Stored data
=== Section Start ===
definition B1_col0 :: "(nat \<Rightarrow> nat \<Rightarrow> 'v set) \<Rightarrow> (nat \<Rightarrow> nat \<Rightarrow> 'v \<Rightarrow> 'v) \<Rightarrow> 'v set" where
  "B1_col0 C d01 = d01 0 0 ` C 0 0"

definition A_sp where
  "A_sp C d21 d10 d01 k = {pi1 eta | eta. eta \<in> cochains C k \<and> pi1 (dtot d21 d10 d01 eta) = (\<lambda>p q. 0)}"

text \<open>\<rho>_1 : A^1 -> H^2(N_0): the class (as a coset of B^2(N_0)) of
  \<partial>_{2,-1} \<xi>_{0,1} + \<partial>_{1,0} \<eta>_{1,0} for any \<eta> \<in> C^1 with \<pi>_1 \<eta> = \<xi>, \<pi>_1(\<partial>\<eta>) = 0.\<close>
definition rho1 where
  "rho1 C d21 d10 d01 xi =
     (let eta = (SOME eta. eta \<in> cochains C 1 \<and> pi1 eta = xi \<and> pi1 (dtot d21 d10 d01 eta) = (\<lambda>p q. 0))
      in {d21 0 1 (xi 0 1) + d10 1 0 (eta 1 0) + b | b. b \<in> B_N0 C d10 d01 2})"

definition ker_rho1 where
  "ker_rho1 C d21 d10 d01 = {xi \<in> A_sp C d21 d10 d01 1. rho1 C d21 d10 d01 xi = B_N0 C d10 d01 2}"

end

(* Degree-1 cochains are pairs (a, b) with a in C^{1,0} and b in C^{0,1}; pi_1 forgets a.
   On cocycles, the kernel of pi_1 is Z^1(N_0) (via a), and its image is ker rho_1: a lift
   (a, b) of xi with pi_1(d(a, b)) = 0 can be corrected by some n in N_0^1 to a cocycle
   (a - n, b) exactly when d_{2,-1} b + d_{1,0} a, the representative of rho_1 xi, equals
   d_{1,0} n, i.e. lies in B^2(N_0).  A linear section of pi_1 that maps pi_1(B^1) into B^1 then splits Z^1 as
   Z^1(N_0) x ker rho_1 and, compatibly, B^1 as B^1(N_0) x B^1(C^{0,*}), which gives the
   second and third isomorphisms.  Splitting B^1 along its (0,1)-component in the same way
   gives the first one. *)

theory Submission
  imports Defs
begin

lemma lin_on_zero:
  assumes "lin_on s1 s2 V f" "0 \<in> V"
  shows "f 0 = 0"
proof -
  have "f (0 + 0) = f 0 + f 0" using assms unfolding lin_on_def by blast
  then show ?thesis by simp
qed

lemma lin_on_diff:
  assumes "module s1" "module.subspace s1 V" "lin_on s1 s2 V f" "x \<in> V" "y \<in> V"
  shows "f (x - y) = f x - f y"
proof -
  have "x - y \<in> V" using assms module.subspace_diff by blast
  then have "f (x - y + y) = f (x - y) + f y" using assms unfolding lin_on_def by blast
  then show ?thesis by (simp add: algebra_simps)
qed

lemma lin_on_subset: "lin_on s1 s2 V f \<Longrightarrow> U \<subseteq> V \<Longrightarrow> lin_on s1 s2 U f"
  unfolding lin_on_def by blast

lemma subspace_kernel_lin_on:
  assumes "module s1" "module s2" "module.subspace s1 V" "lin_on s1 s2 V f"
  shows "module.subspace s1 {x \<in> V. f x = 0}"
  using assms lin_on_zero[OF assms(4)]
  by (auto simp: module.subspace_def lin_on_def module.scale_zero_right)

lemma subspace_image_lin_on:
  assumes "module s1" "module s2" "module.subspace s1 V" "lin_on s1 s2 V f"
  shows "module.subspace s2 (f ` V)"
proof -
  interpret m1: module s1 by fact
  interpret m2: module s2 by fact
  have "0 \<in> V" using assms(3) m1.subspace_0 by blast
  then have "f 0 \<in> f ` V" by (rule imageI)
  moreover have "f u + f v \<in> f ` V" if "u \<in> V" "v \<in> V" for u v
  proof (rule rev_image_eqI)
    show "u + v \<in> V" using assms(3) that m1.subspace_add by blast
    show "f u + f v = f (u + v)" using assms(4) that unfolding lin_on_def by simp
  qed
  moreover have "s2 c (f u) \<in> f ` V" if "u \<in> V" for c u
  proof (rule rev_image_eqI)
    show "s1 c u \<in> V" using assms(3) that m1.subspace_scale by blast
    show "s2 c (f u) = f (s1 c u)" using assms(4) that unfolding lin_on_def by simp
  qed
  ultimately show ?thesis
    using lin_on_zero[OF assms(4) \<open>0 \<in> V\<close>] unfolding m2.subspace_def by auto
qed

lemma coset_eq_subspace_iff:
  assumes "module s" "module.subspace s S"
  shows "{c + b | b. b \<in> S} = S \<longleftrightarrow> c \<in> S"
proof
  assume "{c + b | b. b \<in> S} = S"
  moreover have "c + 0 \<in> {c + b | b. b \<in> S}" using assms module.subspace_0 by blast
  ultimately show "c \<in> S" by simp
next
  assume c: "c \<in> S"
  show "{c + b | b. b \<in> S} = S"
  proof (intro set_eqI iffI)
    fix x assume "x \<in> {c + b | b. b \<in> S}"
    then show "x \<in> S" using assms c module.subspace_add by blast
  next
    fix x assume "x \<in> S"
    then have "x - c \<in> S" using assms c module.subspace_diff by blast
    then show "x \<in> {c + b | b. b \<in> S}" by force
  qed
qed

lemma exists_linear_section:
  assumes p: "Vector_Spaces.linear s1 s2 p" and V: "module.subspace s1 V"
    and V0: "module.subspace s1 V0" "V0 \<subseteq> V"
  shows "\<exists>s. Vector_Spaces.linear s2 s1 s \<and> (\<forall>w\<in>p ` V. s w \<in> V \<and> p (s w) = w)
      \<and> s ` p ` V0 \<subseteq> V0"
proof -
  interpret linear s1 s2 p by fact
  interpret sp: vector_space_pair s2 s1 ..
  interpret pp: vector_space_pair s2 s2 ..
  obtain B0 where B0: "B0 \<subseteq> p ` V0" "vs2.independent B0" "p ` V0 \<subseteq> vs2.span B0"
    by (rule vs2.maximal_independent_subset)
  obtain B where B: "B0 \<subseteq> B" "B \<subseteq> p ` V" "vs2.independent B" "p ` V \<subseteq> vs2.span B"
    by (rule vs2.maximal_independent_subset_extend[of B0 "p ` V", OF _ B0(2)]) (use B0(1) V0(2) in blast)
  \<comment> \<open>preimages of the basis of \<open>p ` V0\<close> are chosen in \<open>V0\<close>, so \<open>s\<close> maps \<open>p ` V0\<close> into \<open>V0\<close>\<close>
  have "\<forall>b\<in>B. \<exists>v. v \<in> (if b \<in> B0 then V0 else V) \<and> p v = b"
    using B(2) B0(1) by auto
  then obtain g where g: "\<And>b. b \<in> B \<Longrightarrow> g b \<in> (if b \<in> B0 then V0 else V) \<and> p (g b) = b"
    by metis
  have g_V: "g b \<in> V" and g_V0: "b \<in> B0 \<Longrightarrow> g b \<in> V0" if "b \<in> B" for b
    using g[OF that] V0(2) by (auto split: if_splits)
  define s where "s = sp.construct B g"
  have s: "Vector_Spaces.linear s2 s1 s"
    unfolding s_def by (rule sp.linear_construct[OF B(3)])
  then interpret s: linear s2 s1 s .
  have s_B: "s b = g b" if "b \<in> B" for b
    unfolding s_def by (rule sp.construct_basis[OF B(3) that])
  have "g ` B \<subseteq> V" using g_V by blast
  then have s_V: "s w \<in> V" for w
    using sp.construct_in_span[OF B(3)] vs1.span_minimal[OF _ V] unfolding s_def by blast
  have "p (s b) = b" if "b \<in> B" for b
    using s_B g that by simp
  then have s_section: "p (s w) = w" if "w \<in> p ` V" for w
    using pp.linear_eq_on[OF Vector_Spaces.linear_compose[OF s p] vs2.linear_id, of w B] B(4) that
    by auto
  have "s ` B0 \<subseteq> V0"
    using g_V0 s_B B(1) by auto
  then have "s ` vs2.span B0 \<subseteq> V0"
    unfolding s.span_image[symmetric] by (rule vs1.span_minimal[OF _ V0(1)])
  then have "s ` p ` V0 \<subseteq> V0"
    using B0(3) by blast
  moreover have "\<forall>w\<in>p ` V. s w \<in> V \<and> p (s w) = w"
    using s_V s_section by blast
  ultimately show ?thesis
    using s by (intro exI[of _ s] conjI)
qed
=== Section End ===
=== Section Start ===
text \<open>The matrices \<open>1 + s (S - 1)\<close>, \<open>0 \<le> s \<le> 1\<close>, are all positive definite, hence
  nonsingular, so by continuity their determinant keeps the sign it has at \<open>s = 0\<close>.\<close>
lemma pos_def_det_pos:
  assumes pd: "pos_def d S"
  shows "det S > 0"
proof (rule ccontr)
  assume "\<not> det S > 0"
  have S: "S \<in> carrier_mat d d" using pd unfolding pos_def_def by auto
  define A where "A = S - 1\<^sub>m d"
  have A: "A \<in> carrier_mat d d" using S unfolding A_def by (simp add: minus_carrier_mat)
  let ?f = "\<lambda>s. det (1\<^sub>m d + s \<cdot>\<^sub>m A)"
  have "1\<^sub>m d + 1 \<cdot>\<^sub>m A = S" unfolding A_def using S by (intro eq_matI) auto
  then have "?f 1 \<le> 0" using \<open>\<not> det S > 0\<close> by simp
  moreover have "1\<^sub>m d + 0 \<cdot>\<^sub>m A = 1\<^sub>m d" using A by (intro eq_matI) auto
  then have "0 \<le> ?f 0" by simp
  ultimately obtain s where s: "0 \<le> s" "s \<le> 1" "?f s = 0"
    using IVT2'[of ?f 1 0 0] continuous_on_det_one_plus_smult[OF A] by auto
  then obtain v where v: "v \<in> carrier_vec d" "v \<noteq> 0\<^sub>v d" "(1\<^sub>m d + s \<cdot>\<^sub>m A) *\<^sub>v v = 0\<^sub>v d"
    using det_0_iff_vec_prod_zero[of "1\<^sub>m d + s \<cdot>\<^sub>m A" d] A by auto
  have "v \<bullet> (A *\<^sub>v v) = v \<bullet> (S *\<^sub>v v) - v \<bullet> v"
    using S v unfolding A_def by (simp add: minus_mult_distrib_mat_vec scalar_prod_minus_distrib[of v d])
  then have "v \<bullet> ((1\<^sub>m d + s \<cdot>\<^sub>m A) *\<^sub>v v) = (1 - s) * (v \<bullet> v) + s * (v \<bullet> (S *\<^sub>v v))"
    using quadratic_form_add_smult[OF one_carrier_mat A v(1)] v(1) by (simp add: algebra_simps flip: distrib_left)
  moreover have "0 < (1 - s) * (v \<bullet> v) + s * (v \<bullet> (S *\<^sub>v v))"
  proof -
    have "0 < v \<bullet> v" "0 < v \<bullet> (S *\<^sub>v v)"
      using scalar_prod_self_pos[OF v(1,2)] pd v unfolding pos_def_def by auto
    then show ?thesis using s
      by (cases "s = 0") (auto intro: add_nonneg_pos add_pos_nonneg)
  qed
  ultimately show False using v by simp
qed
=== Section End ===
» Requirement: Go through the entries above and copy each line holding the string "define".

» Output for this task:
  define s where "s = sp.construct B g"
  define A where "A = S - 1\<^sub>m d"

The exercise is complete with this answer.